§8.我们大家的姥姥
“哈!我有两个姥姥啦!我有两个姥姥啦!”
“炒豆儿”手里举着一封信,连笑带嚷地跑了过来。
我正和谭小波、高山菊在大槐树底下跳“房子”,一齐围拢他身边,我一把从他手里抢过了那封信,谭小波和高山菊从我左右伸过脑袋,同我一起好奇地端详,只见信皮上写着:
北京新开胡同十七号王建国同志收
河南大磨坊村王寄
这有啥可乐的呀!我们这条胡同的确是新开胡同嘛,“炒豆儿”他们院正是十七号呀;“炒豆儿”的学名可不就是王建国吗,难道人家写信来,能在信上写“炒豆儿收”呀——真不知道“炒豆儿”乐个什么劲!
我从信封里掏出了信,展开读出了声来:“建国:我十日一早动身,十一日下午六点到达北京站,给你和玉娟带了不少东西,你可务必来车站接我。你的姥姥,括弧,董学锋代笔,括弧。本月七日。”
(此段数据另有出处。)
lemma RQ_append_nonpositive:
  fixes R Q :: "complex mat"
  assumes R: "R \<in> carrier_mat p p" and Q: "Q \<in> carrier_mat p p"
    and pd: "posdef (mat_adjoint R * R + mat_adjoint Q * Q)"
    and sd: "psd (mat_adjoint Q * Q - mat_adjoint R * R)"
    and x: "x \<in> carrier_vec p" "x \<noteq> 0\<^sub>v p"
  defines "u \<equiv> (R *\<^sub>v x) @\<^sub>v (Q *\<^sub>v x)"
  shows "u \<noteq> 0\<^sub>v (2 * p)" "Re ((jmat p *\<^sub>v u) \<bullet>c u) \<le> 0"
proof -
  define r q where "r = R *\<^sub>v x" and "q = Q *\<^sub>v x"
  have r: "r \<in> carrier_vec p" and q: "q \<in> carrier_vec p"
    using R Q x by (simp_all add: r_def q_def)
  have RR: "mat_adjoint R * R \<in> carrier_mat p p" and QQ: "mat_adjoint Q * Q \<in> carrier_mat p p"
    using mult_carrier_mat[OF mat_adjoint_carrier[OF R] R] mult_carrier_mat[OF mat_adjoint_carrier[OF Q] Q] .
  have "((mat_adjoint R * R + mat_adjoint Q * Q) *\<^sub>v x) \<bullet>c x = r \<bullet>c r + q \<bullet>c q"
    using RR QQ x cscalar_prod_adjoint_mult_self[OF R x(1)] cscalar_prod_adjoint_mult_self[OF Q x(1)]
    by (simp add: add_mult_distrib_mat_vec[OF RR QQ x(1)] add_scalar_prod_distrib[of _ p] r_def q_def)
  moreover have "0 < Re (((mat_adjoint R * R + mat_adjoint Q * Q) *\<^sub>v x) \<bullet>c x)"
    using pd x RR Q by (auto simp: posdef_def)
  ultimately have pos: "0 < Re (r \<bullet>c r + q \<bullet>c q)"
    by simp
  have "((mat_adjoint Q * Q - mat_adjoint R * R) *\<^sub>v x) \<bullet>c x = q \<bullet>c q - r \<bullet>c r"
    using RR QQ x cscalar_prod_adjoint_mult_self[OF R x(1)] cscalar_prod_adjoint_mult_self[OF Q x(1)]
    by (simp add: minus_mult_distrib_mat_vec[OF QQ RR x(1)] minus_scalar_prod_distrib[of _ p] r_def q_def)
  moreover have "0 \<le> Re (((mat_adjoint Q * Q - mat_adjoint R * R) *\<^sub>v x) \<bullet>c x)"
    using sd x QQ R by (auto simp: psd_def)
  ultimately have "Re (r \<bullet>c r) \<le> Re (q \<bullet>c q)"
    by simp
  then show "Re ((jmat p *\<^sub>v u) \<bullet>c u) \<le> 0"
    unfolding u_def r_def[symmetric] q_def[symmetric] using r q by (simp add: jmat_cscalar_prod_append_vec)
  show "u \<noteq> 0\<^sub>v (2 * p)"
  proof
    assume "u = 0\<^sub>v (2 * p)"
    then have "r = 0\<^sub>v p \<and> q = 0\<^sub>v p"
      using append_vec_eq[OF r zero_carrier_vec[of p], of q "0\<^sub>v p"]
      unfolding u_def r_def[symmetric] q_def[symmetric] by simp
    then show False
      using pos by simp
  qed
qed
“你们说逗不逗呀——我姥姥早就来我们家啦,怎么又跑出个姥姥来了?”“炒豆儿”不等我念完,就又乐了起来。
我想了想,就宣布说:“有啥可乐的,这信准是寄错地方了!”
高山菊接着说:“可不,我爸爸说的,北京有好几个新开胡同呢!”谭小波也补充:“那个新开胡同里,恰好也有个叫王建国的,就是这么回事呗!”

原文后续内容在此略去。